One thing to dislike about December: the lack of opportunity to roleplay. It’s hard enough to get grownups from three or four separate households together for several hours at the best of times. Add in travel, cocktail parties, shopping, wrapping, the post office, and office parties and it gets nigh-impossible. We’re smack dab in the middle of a fun game of the Committee for the Exploration of Mysteries–not something we wanted to take a long break from, but it’s the way the chips fell. I’m also running an occasional Trail of Cthulhu game for friends in Jericho. It’s going well, though more slowly than I would have thought. I even have folks specifically asking me to run a game of All Flesh Must Be Eaten, so I need to work with them to figure out how far along the zombie apocalypse has gotten when our game begins.
All this cornucopia of specific games I’m trying to fit in is occupying the portion of my brain that’s usually taken up by dreams of games I might never run. That’s not a bad thing, but it feels odd. I usually have at least two games that I’m absolutely DYING to play, but that for one reason or another may never come off. On some level I know that I want to try Blowback, Day After Ragnarok, and The Kerberos Club. Unusually, I’m NOT writing up sample characters and adventures while I watch TV at night. And oh yeah, there’s all those games I already play in or have run before! Uncreated, cliffhangers, Harn, steampunk, Transhuman Space, even the abortive Blue Rose campaign of a few years back. I guess having a specific outlet for things this immediate enough is so unusual that I’m not quite sure how to handle it.
This week I finished the single-player campaign for Call of Duty: Black Ops. The Call of Duty games have been my favorite first-person shooters for some years now. Some elements of the game are completely unrealistic arcade-like concessions–in particular, you can take an astounding number of bullets and be fine in mere seconds as long as you get to cover and avoid taking damage for a bit.
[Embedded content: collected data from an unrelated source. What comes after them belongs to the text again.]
theorem proposition5p1:
  fixes f fcv fcc :: "real^'n::finite \<Rightarrow> real^'p::finite \<Rightarrow> real^'n"
    and P Q :: "(real^'p) set"
    and xL xU :: "real^'n"
    and x :: "real^'p \<Rightarrow> real^'n"
    and H :: "'n set"
    and A B :: "'n \<Rightarrow> real^'n" and C :: "'n \<Rightarrow> real" and Bp :: "'n \<Rightarrow> real^'p"
    and ncv ncc :: "'n \<Rightarrow> nat"
    and \<phi> \<psi> :: "'n \<Rightarrow> nat \<Rightarrow> real^'n \<Rightarrow> real^'p \<Rightarrow> real"
    and i :: 'n and phat :: "real^'p" and \<xi>hat :: "real^'n"
  assumes P_convex: "convex P" and P_compact: "compact P"
    and Q_def: "Q = {p \<in> P. \<exists>z. f z p = 0}" and Q_ne: "Q \<noteq> {}"
    and x_implicit: "\<forall>p\<in>Q. f (x p) p = 0 \<and> x p \<in> cbox xL xU"
    \<comment> \<open>convex / concave relaxations of f on X \<times> P\<close>
    and fcv_convex: "\<forall>k. convex_on (cbox xL xU \<times> P) (\<lambda>(z,q). fcv z q $ k)"
    and fcc_concave: "\<forall>k. concave_on (cbox xL xU \<times> P) (\<lambda>(z,q). fcc z q $ k)"
    and relax: "\<forall>z\<in>cbox xL xU. \<forall>q\<in>P. \<forall>k. fcv z q $ k \<le> f z q $ k \<and> f z q $ k \<le> fcc z q $ k"
    \<comment> \<open>components in H form the affine part h; the others (f tilde) are not affine\<close>
    and h_affine: "\<forall>k\<in>H. \<forall>z q. f z q $ k = C k + A k \<bullet> z + Bp k \<bullet> q"
    and ftilde_not_affine: "\<forall>k\<in>-H. \<not> (\<exists>c a b. \<forall>z q. f z q $ k = c + a \<bullet> z + b \<bullet> q)"
    and h_relax: "\<forall>k\<in>H. \<forall>z q. fcv z q $ k = f z q $ k \<and> fcc z q $ k = f z q $ k"
    \<comment> \<open>piecewise differentiable relaxations of f tilde\<close>
    and ncv_pos: "\<forall>k\<in>-H. ncv k \<ge> 1" and ncc_pos: "\<forall>k\<in>-H. ncc k \<ge> 1"
    and fcv_max: "\<forall>k\<in>-H. \<forall>z\<in>cbox xL xU. \<forall>q\<in>P. fcv z q $ k = Max {\<phi> k j z q | j. j < ncv k}"
    and fcc_min: "\<forall>k\<in>-H. \<forall>z\<in>cbox xL xU. \<forall>q\<in>P. fcc z q $ k = Min {\<psi> k j z q | j. j < ncc k}"
    and \<phi>_C1: "\<forall>k\<in>-H. \<forall>j<ncv k. C1_fun (\<lambda>(z,q). \<phi> k j z q)"
    and \<phi>_convex: "\<forall>k\<in>-H. \<forall>j<ncv k. convex_on (cbox xL xU \<times> P) (\<lambda>(z,q). \<phi> k j z q)"
    and \<psi>_C1: "\<forall>k\<in>-H. \<forall>j<ncc k. C1_fun (\<lambda>(z,q). \<psi> k j z q)"
    and \<psi>_concave: "\<forall>k\<in>-H. \<forall>j<ncc k. concave_on (cbox xL xU \<times> P) (\<lambda>(z,q). \<psi> k j z q)"
    \<comment> \<open>assumptions at phat\<close>
    and phat_int: "phat \<in> interior Q"
    and LICQ_h: "\<forall>c. (\<Sum>k\<in>H. c k *\<^sub>R A k) = 0 \<longrightarrow> (\<forall>k\<in>H. c k = 0)"
    and strong_slater: "\<exists>N. open N \<and> phat \<in> N \<and> N \<subseteq> Q \<and>
        (\<forall>p\<in>N. \<exists>\<xi>\<in>cbox xL xU.
            (\<forall>k\<in>H. f \<xi> p $ k = 0)
          \<and> (\<forall>k\<in>-H. \<forall>j<ncv k. \<phi> k j \<xi> p < 0)
          \<and> (\<forall>k\<in>-H. \<forall>j<ncc k. - \<psi> k j \<xi> p < 0)
          \<and> (\<forall>m. xL $ m - \<xi> $ m < 0 \<and> \<xi> $ m - xU $ m < 0))"
    \<comment> \<open>\<xi>hat is an optimal solution of the NLP at phat\<close>
    and \<xi>hat_feas: "(\<forall>k\<in>H. f \<xi>hat phat $ k = 0)
          \<and> (\<forall>k\<in>-H. \<forall>j<ncv k. \<phi> k j \<xi>hat phat \<le> 0)
          \<and> (\<forall>k\<in>-H. \<forall>j<ncc k. - \<psi> k j \<xi>hat phat \<le> 0)
          \<and> (\<forall>m. xL $ m - \<xi>hat $ m \<le> 0 \<and> \<xi>hat $ m - xU $ m \<le> 0)"
    and \<xi>hat_opt: "\<forall>\<xi>. ((\<forall>k\<in>H. f \<xi> phat $ k = 0)
          \<and> (\<forall>k\<in>-H. \<forall>j<ncv k. \<phi> k j \<xi> phat \<le> 0)
          \<and> (\<forall>k\<in>-H. \<forall>j<ncc k. - \<psi> k j \<xi> phat \<le> 0)
          \<and> (\<forall>m. xL $ m - \<xi> $ m \<le> 0 \<and> \<xi> $ m - xU $ m \<le> 0)) \<longrightarrow> \<xi>hat $ i \<le> \<xi> $ i"
  shows
    \<comment> \<open>local Lipschitz continuity at phat (with finite values near phat)\<close>
    "(\<exists>e>0. \<exists>L. \<forall>p\<in>ball phat e. \<forall>q\<in>ball phat e.
        \<bar>xcv fcv fcc xL xU i p\<bar> \<noteq> \<infinity> \<and>
        \<bar>real_of_ereal (xcv fcv fcc xL xU i p) - real_of_ereal (xcv fcv fcc xL xU i q)\<bar> \<le> L * dist p q)
   \<and> (\<forall>d. \<exists>w.
        \<comment> \<open>w is feasible for the linearized problem\<close>
        (let lin = (\<lambda>w::real^'n.
             (\<forall>k\<in>-H. \<forall>j<ncv k. \<phi> k j \<xi>hat phat = 0 \<longrightarrow>
                 frechet_derivative (\<lambda>(z,q). \<phi> k j z q) (at (\<xi>hat, phat)) (w, d) \<le> 0)
           \<and> (\<forall>k\<in>-H. \<forall>j<ncc k. \<psi> k j \<xi>hat phat = 0 \<longrightarrow>
                 - frechet_derivative (\<lambda>(z,q). \<psi> k j z q) (at (\<xi>hat, phat)) (w, d) \<le> 0)
           \<and> (\<forall>m. xL $ m - \<xi>hat $ m = 0 \<longrightarrow> - w $ m \<le> 0)
           \<and> (\<forall>m. \<xi>hat $ m - xU $ m = 0 \<longrightarrow> w $ m \<le> 0)
           \<and> (\<forall>k\<in>H. A k \<bullet> w = - (Bp k \<bullet> d)))
         in lin w \<and> (\<forall>w'. lin w' \<longrightarrow> w $ i \<le> w' $ i)
            \<and> has_dir_deriv (\<lambda>p. real_of_ereal (xcv fcv fcc xL xU i p)) phat d (w $ i)))"
proof -
  obtain N where N: "open N" "phat \<in> N" "N \<subseteq> Q" and slater_N: "\<forall>p\<in>N. \<exists>\<xi>\<in>cbox xL xU.
            (\<forall>k\<in>H. f \<xi> p $ k = 0)
          \<and> (\<forall>k\<in>-H. \<forall>j<ncv k. \<phi> k j \<xi> p < 0)
          \<and> (\<forall>k\<in>-H. \<forall>j<ncc k. - \<psi> k j \<xi> p < 0)
          \<and> (\<forall>m. xL $ m - \<xi> $ m < 0 \<and> \<xi> $ m - xU $ m < 0)"
    using strong_slater by blast
  have "N \<subseteq> P"
    using N(3) Q_def by blast
  interpret implicit_relaxation f fcv fcc P N xL xU H A C Bp ncv ncc \<phi> \<psi>
    by (rule implicit_relaxation.intro; fact)
  have "\<xi>hat \<in> feasible_set ineqs eqs phat" "\<forall>\<xi>\<in>feasible_set ineqs eqs phat. \<xi>hat $ i \<le> \<xi> $ i"
    using \<xi>hat_feas \<xi>hat_opt by (simp_all add: mem_relaxation_feasible_set)
  from xcv_directional_derivative[OF N(2) this] xcv_locally_lipschitz[OF N(2)] show ?thesis
    unfolding Let_def Ball_def Bex_def mem_relaxation_linearized_set by blast
qed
But other aspects of the game emphasize realism. The graphics are beautiful and textured even when showing the ugliness of war, different weapons behave in different ways in your hands, the characters are well-voiced and believable. I was fully prepared to not enjoy the game at all. Treyarch was the studio in charge of this edition and they’ve made some dull, sub-par games in the past. This one completely redeems it.
First, there’s the plots. Black Ops is set between the World War 2 shooters and the Modern Warfare series, following a CIA wetwork agent on covert missions in the 1960s. Havana during the Bay of Pigs, a Soviet prison, an American army base under attack in south Vietnam, a cosmodrome on the Kazakh steppes, the jungles and tunnels of Vietnam, and more–the landscapes lend great atmosphere to the different missions.
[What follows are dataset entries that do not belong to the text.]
definition opt_subset :: "real \<Rightarrow> ('a::linorder \<Rightarrow> real) \<Rightarrow> ('a \<Rightarrow> real) \<Rightarrow> 'a set \<Rightarrow> nat \<Rightarrow> 'a set \<Rightarrow> bool" where
  "opt_subset rv u a U k S \<longleftrightarrow> S \<subseteq> U \<and> card S = k \<and>
     (\<forall>R\<subseteq>U. card R = k \<longrightarrow> EU_set rv u a R \<le> EU_set rv u a S)"

definition exchange_prop :: "real \<Rightarrow> ('a::linorder \<Rightarrow> real) \<Rightarrow> ('a \<Rightarrow> real) \<Rightarrow> 'a set \<Rightarrow> bool" where
  "exchange_prop rv u a U \<longleftrightarrow> (\<forall>k S T. opt_subset rv u a U k S \<longrightarrow> T \<subseteq> U \<longrightarrow> card T = Suc k \<longrightarrow>
     (\<exists>w\<in>U - S. EU_set rv u a T \<le> EU_set rv u a (insert w S)))"

lemma opt_subset_insert_argmax:
  assumes "finite U" "exchange_prop rv u a U" "opt_subset rv u a U k S" "q \<in> U - S"
    and "\<forall>w\<in>U - S. EU_set rv u a (insert w S) \<le> EU_set rv u a (insert q S)"
  shows "opt_subset rv u a U (Suc k) (insert q S)"
  unfolding opt_subset_def
proof (intro conjI allI impI)
  have "S \<subseteq> U" "card S = k" using assms(3) by (auto simp: opt_subset_def)
  then show "insert q S \<subseteq> U" "card (insert q S) = Suc k"
    using assms(1,4) by (auto simp: finite_subset)
  fix R assume "R \<subseteq> U" "card R = Suc k"
  then obtain w where "w \<in> U - S" "EU_set rv u a R \<le> EU_set rv u a (insert w S)"
    using assms(2,3) unfolding exchange_prop_def by blast
  with assms(5) show "EU_set rv u a R \<le> EU_set rv u a (insert q S)" by force
qed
Then there’s the gameplay. Unlike Treyarch’s World At War, I rarely felt funneled into one preset path to get to a location. When I did, usually in vehicle chases, I was given a brief driving game to concentrate on, or a cool new weapon to try. While the AI is not as polished as it could be, it does a better job than many shooters. I really felt like those electrons were out to get me.
If you’ve been wondering whether to get the game, maybe because of disappointment with the CoD games not produced by Infinity Ward, give it a try. Black Ops should be at the top of every FPS fan’s Christmas list.
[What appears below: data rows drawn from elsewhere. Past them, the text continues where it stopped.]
(* Let $\sigma$ be a signature containing $\triangleright$, let $\mathcal{A}$ be a $\sigma$-algebra and let $\theta$ be a representation of $\mathcal{A}$ by partial functions. If $\theta$ is locally complete, then $\theta$ is join complete.
   Context: Signatures $\sigma$ are sets of operation symbols drawn from: $\triangleright$ (antidomain restriction), $;$ (composition), $\wedge$ (intersection), $\mathrm{upd}$ (update), $\sqcup$ (preferential union), $\mathsf{D}$ (domain), $\mathsf{A}$ (antidomain), interpreted on partial functions as: $f \triangleright g = \{(x,y) \in g : x \notin \mathrm{dom}(f)\}$; $f;g$ = relational composition ($f$ first); $f\wedge g = f\cap g$; $\mathrm{upd}(f,g)(x)$ is $f(x)$ if $f(x)$ defined and $g(x)$ undefined, $g(x)$ if both defined, undefined otherwise; $(f\sqcup g)(x)$ is $f(x)$ if defined, else $g(x)$; $\mathsf{D}(f)$ = identity on $\mathrm{dom}(f)$; $\mathsf{A}(f)$ = identity on the complement of $\mathrm{dom}(f)$ in the base. A representation by partial functions is an isomorphism onto a $\sigma$-algebra of partial functions with these operations. Define $0 := a\triangleright a$, $a\lhd b := (a\triangleright b)\triangleright b$, $a \le b :\iff a\lhd b = a$; for representable algebras this is a partial order and $a\le b \iff \theta(a)\subseteq\theta(b)$ for any representation $\theta$. For representable $\mathcal{A}$ and $a\in\mathcal{A}$, ${\downarrow}a=\{b : b\le a\}$ is a Boolean algebra with bottom $0$, top $a$, meet $\lhd$ and complement $b\mapsto b\triangleright a$, and $\theta$ restricts to a representation of it as a field of sets over $\theta(a)$. $\theta$ is locally complete if for every $a$ this restriction is a complete representation of ${\downarrow}a$ (preserves all existing joins as unions and existing meets of nonempty sets as intersections). $\theta$ is join complete if for every $S \subseteq \mathcal{A}$ with $\bigvee S$ existing in $(\mathcal{A},\le)$, $\theta(\bigvee S)=\bigcup\theta[S]$. *)

theory Defs
  imports Main
begin

datatype opsym = Restr | Comp | Meet | Upd | PrefUnion | Dom | Antidom

definition unary_sym :: "opsym \<Rightarrow> bool" where
  "unary_sym s \<longleftrightarrow> s = Dom \<or> s = Antidom"

definition sig_algebra ::
  "opsym set \<Rightarrow> 'a set \<Rightarrow> (opsym \<Rightarrow> 'a \<Rightarrow> 'a \<Rightarrow> 'a) \<Rightarrow> (opsym \<Rightarrow> 'a \<Rightarrow> 'a) \<Rightarrow> bool" where
  "sig_algebra \<sigma> A bop uop \<longleftrightarrow>
     (\<forall>s\<in>\<sigma>. \<not> unary_sym s \<longrightarrow> (\<forall>a\<in>A. \<forall>b\<in>A. bop s a b \<in> A)) \<and>
     (\<forall>s\<in>\<sigma>. unary_sym s \<longrightarrow> (\<forall>a\<in>A. uop s a \<in> A))"

definition partial_fun_on :: "'b set \<Rightarrow> ('b \<times> 'b) set \<Rightarrow> bool" where
  "partial_fun_on X f \<longleftrightarrow> single_valued f \<and> f \<subseteq> X \<times> X"

fun pf_bin :: "opsym \<Rightarrow> ('b \<times> 'b) set \<Rightarrow> ('b \<times> 'b) set \<Rightarrow> ('b \<times> 'b) set" where
  "pf_bin Restr f g = {(x, y) \<in> g. x \<notin> Domain f}"
| "pf_bin Comp f g = f O g"
| "pf_bin Meet f g = f \<inter> g"
| "pf_bin Upd f g = {(x, y) \<in> f. x \<notin> Domain g} \<union> {(x, y) \<in> g. x \<in> Domain f}"
| "pf_bin PrefUnion f g = f \<union> {(x, y) \<in> g. x \<notin> Domain f}"
| "pf_bin Dom f g = undefined"
| "pf_bin Antidom f g = undefined"

fun pf_un :: "'b set \<Rightarrow> opsym \<Rightarrow> ('b \<times> 'b) set \<Rightarrow> ('b \<times> 'b) set" where
  "pf_un X Dom f = Id_on (Domain f)"
| "pf_un X Antidom f = Id_on (X - Domain f)"
| "pf_un X s f = undefined"

definition pf_representation ::
  "opsym set \<Rightarrow> 'a set \<Rightarrow> (opsym \<Rightarrow> 'a \<Rightarrow> 'a \<Rightarrow> 'a) \<Rightarrow> (opsym \<Rightarrow> 'a \<Rightarrow> 'a)
    \<Rightarrow> 'b set \<Rightarrow> ('a \<Rightarrow> ('b \<times> 'b) set) \<Rightarrow> bool" where
  "pf_representation \<sigma> A bop uop X \<theta> \<longleftrightarrow>
     inj_on \<theta> A \<and> (\<forall>a\<in>A. partial_fun_on X (\<theta> a)) \<and>
     (\<forall>s\<in>\<sigma>. \<not> unary_sym s \<longrightarrow> (\<forall>a\<in>A. \<forall>b\<in>A. \<theta> (bop s a b) = pf_bin s (\<theta> a) (\<theta> b))) \<and>
     (\<forall>s\<in>\<sigma>. unary_sym s \<longrightarrow> (\<forall>a\<in>A. \<theta> (uop s a) = pf_un X s (\<theta> a)))"

definition alg_le :: "(opsym \<Rightarrow> 'a \<Rightarrow> 'a \<Rightarrow> 'a) \<Rightarrow> 'a \<Rightarrow> 'a \<Rightarrow> bool" where
  "alg_le bop a b \<longleftrightarrow> bop Restr (bop Restr a b) b = a"

definition down_set :: "'a set \<Rightarrow> (opsym \<Rightarrow> 'a \<Rightarrow> 'a \<Rightarrow> 'a) \<Rightarrow> 'a \<Rightarrow> 'a set" where
  "down_set A bop a = {b \<in> A. alg_le bop b a}"

definition is_lub_in :: "'a set \<Rightarrow> ('a \<Rightarrow> 'a \<Rightarrow> bool) \<Rightarrow> 'a set \<Rightarrow> 'a \<Rightarrow> bool" where
  "is_lub_in B le S j \<longleftrightarrow> j \<in> B \<and> (\<forall>s\<in>S. le s j) \<and> (\<forall>u\<in>B. (\<forall>s\<in>S. le s u) \<longrightarrow> le j u)"

definition is_glb_in :: "'a set \<Rightarrow> ('a \<Rightarrow> 'a \<Rightarrow> bool) \<Rightarrow> 'a set \<Rightarrow> 'a \<Rightarrow> bool" where
  "is_glb_in B le S m \<longleftrightarrow> m \<in> B \<and> (\<forall>s\<in>S. le m s) \<and> (\<forall>u\<in>B. (\<forall>s\<in>S. le u s) \<longrightarrow> le u m)"

definition locally_complete ::
  "'a set \<Rightarrow> (opsym \<Rightarrow> 'a \<Rightarrow> 'a \<Rightarrow> 'a) \<Rightarrow> ('a \<Rightarrow> ('b \<times> 'b) set) \<Rightarrow> bool" where
  "locally_complete A bop \<theta> \<longleftrightarrow>
     (\<forall>a\<in>A. \<forall>S \<subseteq> down_set A bop a.
        (\<forall>j. is_lub_in (down_set A bop a) (alg_le bop) S j \<longrightarrow> \<theta> j = \<Union> (\<theta> ` S)) \<and>
        (S \<noteq> {} \<longrightarrow> (\<forall>m. is_glb_in (down_set A bop a) (alg_le bop) S m \<longrightarrow> \<theta> m = \<Inter> (\<theta> ` S))))"

definition join_complete ::
  "'a set \<Rightarrow> (opsym \<Rightarrow> 'a \<Rightarrow> 'a \<Rightarrow> 'a) \<Rightarrow> ('a \<Rightarrow> ('b \<times> 'b) set) \<Rightarrow> bool" where
  "join_complete A bop \<theta> \<longleftrightarrow>
     (\<forall>S \<subseteq> A. \<forall>j. is_lub_in A (alg_le bop) S j \<longrightarrow> \<theta> j = \<Union> (\<theta> ` S))"

end

theory Submission
  imports Defs
begin

text \<open>A join of \<open>S\<close> in \<open>A\<close> is below itself, so it is also the join of \<open>S\<close> inside the
  Boolean algebra \<open>\<down>j\<close>; local completeness there gives \<open>\<theta> j = \<Union> (\<theta> ` S)\<close>.\<close>

lemma is_lub_in_subset:
  assumes "is_lub_in B le S j" and "C \<subseteq> B" and "j \<in> C" and "S \<subseteq> C"
  shows "is_lub_in C le S j"
  using assms unfolding is_lub_in_def by blast

lemma pf_representation_Restr:
  assumes "Restr \<in> \<sigma>" and "pf_representation \<sigma> A bop uop X \<theta>" and "a \<in> A" and "b \<in> A"
  shows "\<theta> (bop Restr a b) = {(x, y) \<in> \<theta> b. x \<notin> Domain (\<theta> a)}"
  using assms by (simp add: pf_representation_def unary_sym_def)

lemma sig_algebra_Restr_closed:
  assumes "Restr \<in> \<sigma>" and "sig_algebra \<sigma> A bop uop" and "a \<in> A" and "b \<in> A"
  shows "bop Restr a b \<in> A"
  using assms by (simp add: sig_algebra_def unary_sym_def)

lemma alg_le_refl:
  assumes "Restr \<in> \<sigma>" and "sig_algebra \<sigma> A bop uop"
    and "pf_representation \<sigma> A bop uop X \<theta>" and "a \<in> A"
  shows "alg_le bop a a"
proof -
  have aa: "bop Restr a a \<in> A"
    using sig_algebra_Restr_closed[OF assms(1,2,4,4)] .
  have "\<theta> (bop Restr a a) = {}"
    using pf_representation_Restr[OF assms(1,3,4,4)] by auto
  then have "\<theta> (bop Restr (bop Restr a a) a) = \<theta> a"
    using pf_representation_Restr[OF assms(1,3) aa assms(4)] by auto
  moreover have "bop Restr (bop Restr a a) a \<in> A"
    using sig_algebra_Restr_closed[OF assms(1,2) aa assms(4)] .
  moreover have "inj_on \<theta> A"
    using assms(3) by (simp add: pf_representation_def)
  ultimately show ?thesis
    unfolding alg_le_def using assms(4) by (auto dest: inj_onD)
qed

lemma is_lub_in_down_set:
  assumes "is_lub_in A (alg_le bop) S j" and "S \<subseteq> A" and "alg_le bop j j"
  shows "is_lub_in (down_set A bop j) (alg_le bop) S j"
proof (rule is_lub_in_subset[OF assms(1)])
  show "down_set A bop j \<subseteq> A" by (auto simp: down_set_def)
  show "j \<in> down_set A bop j" and "S \<subseteq> down_set A bop j"
    using assms unfolding down_set_def is_lub_in_def by auto
qed

theorem lemma3p5:
  fixes \<sigma> :: "opsym set" and A :: "'a set"
    and bop :: "opsym \<Rightarrow> 'a \<Rightarrow> 'a \<Rightarrow> 'a" and uop :: "opsym \<Rightarrow> 'a \<Rightarrow> 'a"
    and X :: "'b set" and \<theta> :: "'a \<Rightarrow> ('b \<times> 'b) set"
  assumes "Restr \<in> \<sigma>"
    and "sig_algebra \<sigma> A bop uop"
    and "pf_representation \<sigma> A bop uop X \<theta>"
    and "locally_complete A bop \<theta>"
  shows "join_complete A bop \<theta>"
  unfolding join_complete_def
proof (intro allI impI)
  fix S j
  assume S: "S \<subseteq> A" and lub: "is_lub_in A (alg_le bop) S j"
  have j: "j \<in> A" using lub by (simp add: is_lub_in_def)
  have local_lub: "is_lub_in (down_set A bop j) (alg_le bop) S j"
    using is_lub_in_down_set[OF lub S alg_le_refl[OF assms(1-3) j]] .
  moreover have "S \<subseteq> down_set A bop j"
    using local_lub S by (auto simp: is_lub_in_def down_set_def)
  ultimately show "\<theta> j = \<Union> (\<theta> ` S)"
    using assms(4) j unfolding locally_complete_def by simp
qed

end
So my playset took second place in the contest! I won, and I quote, “30 geekgold worth of tax-free wampum from the RPG Geek casino for his excellent playset. No comment from Ward Churchill as yet.” I know it was a small contest for a particular niche of a shrinking hobby, but it’s still a rewarding accomplishment. See earlier blog entries if you have questions about the Fiasco RPG, or if you have no idea what I’m talking about.